Boku Accounts enables mobile payments anywhere, anytime

The new service means wireless carriers can sell customers a way to seamlessly make transactions at any credit card terminal with their phones, and no hardware has to be changed.

Daniel Terdiman Former Senior Writer / News
Daniel Terdiman is a senior writer at CNET News covering Twitter, Net culture, and everything in between.
Daniel Terdiman
3 min read
A look at a Boku Accounts screen showing a users balance, as well as several other options. Boku

Mobile phone customers around the world may soon have a way to pay any merchant or any other person with their device.

Today, San Francisco-based Boku unveiled Boku Accounts, a white-label service that will allow wireless carriers to offer their customers a mobile payments system that could work throughout the world. Those mobile users, in turn, will be able to make payments at any credit card terminal either with their phones, or with a special debit card.

Though no carriers have yet formally adopted the new service, Boku says one U.K. operator is well into trials. The company, which has received $40 million in funding from Andreessen Horowitz, Benchmark Capital, DAG Ventures, Index Ventures, and Khosla Ventures, already has existing partnerships to provide payments processing services to more than 240 carriers around the world. All told, Boku's services have been deployed in 66 countries.

But with Boku Accounts, the company is hoping to make a much bigger mark--enabling mobile payments just about anywhere customers shop. As well, the service has a significant location element that will allow merchants to seamlessly offer shoppers special deals or discounts. Clearly, it is hoping that it can convince many of those carriers that Accounts is a service that will help the operators' bottom lines and please their users.

Essentially, Accounts users will front a certain amount of money and each transaction they conduct using the service will draw from those funds. The mobile payments service is meant to be both backward- and forward-compatible in a payments environment that is slowly moving toward global adoption of near-field communication--a technology that lets two devices exchange information when in close proximity to each other.

But since NFC, as its known, has been integrated with only a very small percentage of mobile phones--especially in the United States--Boku Accounts has come up with a sticker that can be applied to the back of a user's phone that is embedded with an NFC chip.

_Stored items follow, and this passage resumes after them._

(* Let $S$ be an inverse semigroup that is a mirror semigroup, with semilattice of idempotents $\Sigma$. Then $S$ is stably continuous if and only if $\Sigma$ is stably continuous.
   Context: An inverse semigroup is a semigroup $S$ in which every $s$ has a unique $s^*$ with $ss^*s=s$ and $s^*ss^*=s^*$. $\Sigma=\Sigma(S)$ is the set of idempotents (itself an inverse semigroup, a semilattice). The intrinsic order is $s\leqslant t$ iff $s=t\epsilon$ for some idempotent $\epsilon$. A subset is directed if nonempty and any two elements have an upper bound in it. $S$ is a mirror semigroup if every directed subset of $\Sigma$ having a supremum in $(\Sigma,\leqslant)$ also has a supremum in $(S,\leqslant)$. In a poset, $x$ is way-below $y$ ($x\ll y$) if for every directed subset $D$ that has a supremum with $y\leqslant \sup D$, there is $d\in D$ with $x\leqslant d$. A poset is continuous if for every $s$ the set $\{t : t\ll s\}$ is directed with supremum $s$. An inverse semigroup $T$ is stably continuous if $(T,\leqslant)$ is continuous and its way-below relation $\ll$ is multiplicative, i.e. $s\ll t$ and $s'\ll t'$ imply $ss'\ll tt'$. For $\Sigma$ these notions are taken with respect to the poset $(\Sigma,\leqslant)$ and its own way-below relation. *)

theory Defs
  imports Main
begin

definition inverse_semigroup :: "'a::semigroup_mult itself \<Rightarrow> bool" where
  "inverse_semigroup _ \<longleftrightarrow>
     (\<forall>s::'a. \<exists>!t::'a. s * t * s = s \<and> t * s * t = t)"

definition idems :: "'a::semigroup_mult set" where
  "idems = {e. e * e = e}"

definition ileq :: "'a::semigroup_mult \<Rightarrow> 'a \<Rightarrow> bool" where
  "ileq s t \<longleftrightarrow> (\<exists>e\<in>idems. s = t * e)"

definition directed_in :: "('a \<Rightarrow> 'a \<Rightarrow> bool) \<Rightarrow> 'a set \<Rightarrow> 'a set \<Rightarrow> bool" where
  "directed_in le A D \<longleftrightarrow> D \<subseteq> A \<and> D \<noteq> {} \<and>
     (\<forall>x\<in>D. \<forall>y\<in>D. \<exists>z\<in>D. le x z \<and> le y z)"

definition is_sup_in :: "('a \<Rightarrow> 'a \<Rightarrow> bool) \<Rightarrow> 'a set \<Rightarrow> 'a set \<Rightarrow> 'a \<Rightarrow> bool" where
  "is_sup_in le A D x \<longleftrightarrow> x \<in> A \<and> (\<forall>d\<in>D. le d x) \<and>
     (\<forall>u\<in>A. (\<forall>d\<in>D. le d u) \<longrightarrow> le x u)"

definition way_below_in :: "('a \<Rightarrow> 'a \<Rightarrow> bool) \<Rightarrow> 'a set \<Rightarrow> 'a \<Rightarrow> 'a \<Rightarrow> bool" where
  "way_below_in le A x y \<longleftrightarrow>
     (\<forall>D s. directed_in le A D \<and> is_sup_in le A D s \<and> le y s \<longrightarrow> (\<exists>d\<in>D. le x d))"

definition continuous_in :: "('a \<Rightarrow> 'a \<Rightarrow> bool) \<Rightarrow> 'a set \<Rightarrow> bool" where
  "continuous_in le A \<longleftrightarrow>
     (\<forall>s\<in>A. directed_in le A {t\<in>A. way_below_in le A t s} \<and>
             is_sup_in le A {t\<in>A. way_below_in le A t s} s)"

text \<open>Stably continuous: continuous with multiplicative way-below relation,
  with respect to the subposet A (A = UNIV for S, A = idems for Sigma).\<close>
definition stably_continuous_in :: "'a::semigroup_mult set \<Rightarrow> bool" where
  "stably_continuous_in A \<longleftrightarrow> continuous_in ileq A \<and>
     (\<forall>s\<in>A. \<forall>t\<in>A. \<forall>s'\<in>A. \<forall>t'\<in>A.
        way_below_in ileq A s t \<and> way_below_in ileq A s' t' \<longrightarrow>
        way_below_in ileq A (s * s') (t * t'))"

definition mirror_semigroup :: "'a::semigroup_mult itself \<Rightarrow> bool" where
  "mirror_semigroup _ \<longleftrightarrow>
     (\<forall>D::'a set. directed_in ileq idems D \<and> (\<exists>x. is_sup_in ileq idems D x) \<longrightarrow>
        (\<exists>y. is_sup_in ileq UNIV D y))"

end

theory Submission
  imports Defs
begin

text \<open>Write src s = ginv s * s and tgt s = s * ginv s. In the natural order t \<le> s iff
  t = s src t, and by the mirror property s is the supremum in S of s E whenever E is a
  directed set of idempotents with supremum src s. If the idempotents form a continuous poset,
  taking E to be the idempotents way below src s shows: t \<ll> s in S iff t \<le> s and
  src t \<ll> src s among the idempotents (and dually with tgt). So the approximants of s are
  s times the approximants of src s, way-below between idempotents is the same in S and in the
  idempotents, and multiplicativity transfers along src and tgt via src (src s s') = src (s s')
  and tgt (src s s') = src s tgt s'.\<close>

section \<open>Way-below in arbitrary posets\<close>

lemma way_below_in_imp_le:
  assumes "way_below_in le A x y" "y \<in> A" "le y y"
  shows "le x y"
proof -
  have "directed_in le A {y}" "is_sup_in le A {y} y"
    using assms(2,3) unfolding directed_in_def is_sup_in_def by auto
  then show ?thesis using assms(1,3) unfolding way_below_in_def by blast
qed

lemma way_below_in_le_trans:
  assumes "transp le" "le x x'" "way_below_in le A x' y"
  shows "way_below_in le A x y"
  using assms unfolding way_below_in_def transp_def by blast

That means the user can take advantage of NFC technology, even if their phone doesn't have the technology.

However, Boku knows that many customers--or their carriers--won't want to see phones with these stickers, so the company has also come up with a debit MasterCard that will apply funds for payments from the same source as phones running Boku Accounts.

And because payments and customer tracking is all done behind the scenes, Boku thinks that merchants will want to come up with a wide range of offers to give customers, such as discounts on coffee for those who walk into, say, a Starbucks with an Accounts-enabled phone. The offers will be applied automatically, meaning that neither someone working the register or the customer will have to do anything.

Boku Accounts also enables customers to make mobile payments to any other Accounts user, again with all funds coming from their pre-paid balance.

To be sure, the mobile payments space is filled with aggressive players, from PayPal to Zong, Square, WePay, and others. But Boku feels that its significant relationships with carriers around the world gives it a leg up on its competitors, especially because Accounts doesn't require merchants to change their payments terminals in any way.

Whether carriers--or their customers--go along with Boku's plan remains to be seen.